Мы публикуем отрывок из этой книги, относящийся к 20-м годам, хотя большая и самая яркая часть книги, пожалуй, посвящена блокадным годам. В книгу включены отзывы о Феоктисте Яковлевне других выпускников класса, где учился Яков Липкович, и, таким образом, это своеобразный коллективный труд в память о любимой учительнице. Также в книгу помимо "Нашей Феклы" включены две другие документальные повести: "Слово о Тенишевском училище" и "Я сидел за их партами".
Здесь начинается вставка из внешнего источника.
lemma doubleton_in_shift_cover_edges_iff:
  "{p, q} \<in> shift_cover_edges V E u v m d \<longleftrightarrow>
     p \<in> V \<times> {..<m} \<and> q \<in> V \<times> {..<m} \<and> p \<noteq> q \<and> shift_adj E u v m d p q"
  unfolding shift_cover_edges_def by (auto simp: doubleton_eq_iff shift_adj_commute)

lemma shift_adj_unique:
  assumes "graph V E" "{a, b} \<in> E" "j < m" "j' < m"
    and "shift_adj E u v m d (a, i) (b, j)" "shift_adj E u v m d (a, i) (b, j')"
  shows "j = j'"
  using assms graph_edgeD[OF assms(1,2)] mod_add_right_cancel_less[of j d m j']
  unfolding shift_adj_def by (auto simp: doubleton_eq_iff)

lemma is_mfold_cover_shift_cover:
  assumes G: "graph V E" and uv: "{u, v} \<in> E"
  shows "is_mfold_cover V E m (\<lambda>x. {x} \<times> {..<m}) (V \<times> {..<m}) (shift_cover_edges V E u v m d)"
proof -
  let ?L = "\<lambda>x. {x} \<times> {..<m}" and ?EH = "shift_cover_edges V E u v m d"
  have "graph (V \<times> {..<m}) ?EH"
    using G unfolding graph_def shift_cover_edges_def by blast
  moreover have "\<forall>a\<in>V. \<forall>x\<in>?L a. \<forall>y\<in>?L a. x \<noteq> y \<longrightarrow> {x, y} \<in> ?EH"
    by (auto simp: doubleton_in_shift_cover_edges_iff shift_adj_def)
  moreover have "\<forall>a\<in>V. \<forall>b\<in>V. (\<exists>x\<in>?L a. \<exists>y\<in>?L b. {x, y} \<in> ?EH) \<longrightarrow> a = b \<or> {a, b} \<in> E"
    using uv by (auto simp: doubleton_in_shift_cover_edges_iff shift_adj_def insert_commute)
  moreover have "\<forall>a b. {a, b} \<in> E \<longrightarrow>
      (\<forall>x\<in>?L a. \<forall>y\<in>?L b. \<forall>y'\<in>?L b. {x, y} \<in> ?EH \<and> {x, y'} \<in> ?EH \<longrightarrow> y = y') \<and>
      (\<forall>y\<in>?L b. \<forall>x\<in>?L a. \<forall>x'\<in>?L a. {x, y} \<in> ?EH \<and> {x', y} \<in> ?EH \<longrightarrow> x = x')"
  proof (intro allI impI conjI ballI)
    fix a b x y y' assume ab: "{a, b} \<in> E" and "x \<in> ?L a" "y \<in> ?L b" "y' \<in> ?L b"
      and "{x, y} \<in> ?EH \<and> {x, y'} \<in> ?EH"
    then show "y = y'"
      using shift_adj_unique[OF G ab] unfolding doubleton_in_shift_cover_edges_iff by auto
  next
    fix a b y x x' assume "{a, b} \<in> E" and "y \<in> ?L b" "x \<in> ?L a" "x' \<in> ?L a"
      and "{x, y} \<in> ?EH \<and> {x', y} \<in> ?EH"
    moreover have ba: "{b, a} \<in> E" using \<open>{a, b} \<in> E\<close> by (simp add: insert_commute)
    ultimately show "x = x'"
      using shift_adj_unique[OF G ba] unfolding insert_commute[of _ y]
      unfolding doubleton_in_shift_cover_edges_iff by auto
  qed
  moreover have "(\<Union>x\<in>V. ?L x) = V \<times> {..<m}" "\<forall>a\<in>V. card (?L a) = m"
    "\<forall>a\<in>V. \<forall>b\<in>V. a \<noteq> b \<longrightarrow> ?L a \<inter> ?L b = {}"
    by (auto simp: card_cartesian_product)
  ultimately show ?thesis
    unfolding is_mfold_cover_def is_cover_def by (intro conjI) assumption+
qed

lemma transversal_eq_graph:
  assumes "finite V" "I \<subseteq> V \<times> C" "inj_on fst I" "card I = card V"
  obtains f where "f \<in> V \<rightarrow>\<^sub>E C" "I = (\<lambda>x. (x, f x)) ` V"
proof -
  have "fst ` I \<subseteq> V" "card (fst ` I) = card V"
    using assms(2-4) by (auto simp: card_image)
  then have fstI: "fst ` I = V"
    using assms(1) by (simp add: card_subset_eq)
  define g where "g = the_inv_into I fst"
  have g: "g x \<in> I" "fst (g x) = x" if "x \<in> V" for x
    unfolding g_def using that fstI assms(3)
    by (auto intro: the_inv_into_into f_the_inv_into_f)
  define f where "f = restrict (\<lambda>x. snd (g x)) V"
  have graph_g: "(x, f x) = g x" if "x \<in> V" for x
    unfolding f_def using g(2)[OF that] that by (simp add: prod_eq_iff)
  show ?thesis
  proof
    show "f \<in> V \<rightarrow>\<^sub>E C"
      unfolding f_def using g(1) assms(2) by (auto dest!: subsetD)
    have "I = g ` V"
      unfolding g_def fstI[symmetric] using the_inv_into_onto[OF assms(3)] by simp
    then show "I = (\<lambda>x. (x, f x)) ` V"
      using graph_g by simp
  qed
qed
Яков Липкович эмигрировал в США в конце 1980-х годов. Печатался в многочисленных русскоязычных изданиях Америки. В настоящее время живет в Кливленде.

Редакция

***

На чем мы позавчера остановились?.. Ах да, как Стива Васильев пошел провожать меня... И с того дня, можно сказать, мы уже больше не расставались. До самой его смерти в блокадном Ленинграде. Конечно, тогда, когда мы шагали по вечернему Царицыну, ни он, ни я не видели дальше завтрашнего дня. Да и о завтрашней встрече мы решили только в последнюю минуту, когда на наши неосторожные голоса в доме зашевелился народ. Быстро договорились пойти на какой-то фильм с участием Веры Холодной. Люба, которая открыла дверь, так и не заметила Стиву, успевшего спрятаться за дерево. И все-таки она что-то заподозрила. "Ты одна?" — спросила. "Одна!" — ответила я, смутившись. Обычно мы никогда ничего не утаивали друг от друга. Но на этот раз я решила скрыть от домашних свое вечернее приключение.

Не беспокойся, я не собираюсь рассказывать тебе обо всех наших встречах и свиданиях — их было довольно много. Могу только сказать, что уже на пятый день Стива объяснился мне в любви. И даже признался, что давно украдкой поглядывал на меня. Оказывается, я ему чем-то напоминала — кого думаешь? — Кармен, ни больше, ни меньше...

Откровенно говоря, я еще с первой нашей беседы ожидала, что ты спросишь меня об этом. Настоящее имя Стивы было Степан. Кстати, меня тоже в гимназии подруги звали на аглицкий манер — Фитти. Нет, ни он, ни я, никто из наших друзей не были англоманами. Просто все находились под сильным впечатлением от "Анны Карениной". Помнишь, Стива, Долли, Китти? Одним словом, каждое поколение сходит с ума по-своему...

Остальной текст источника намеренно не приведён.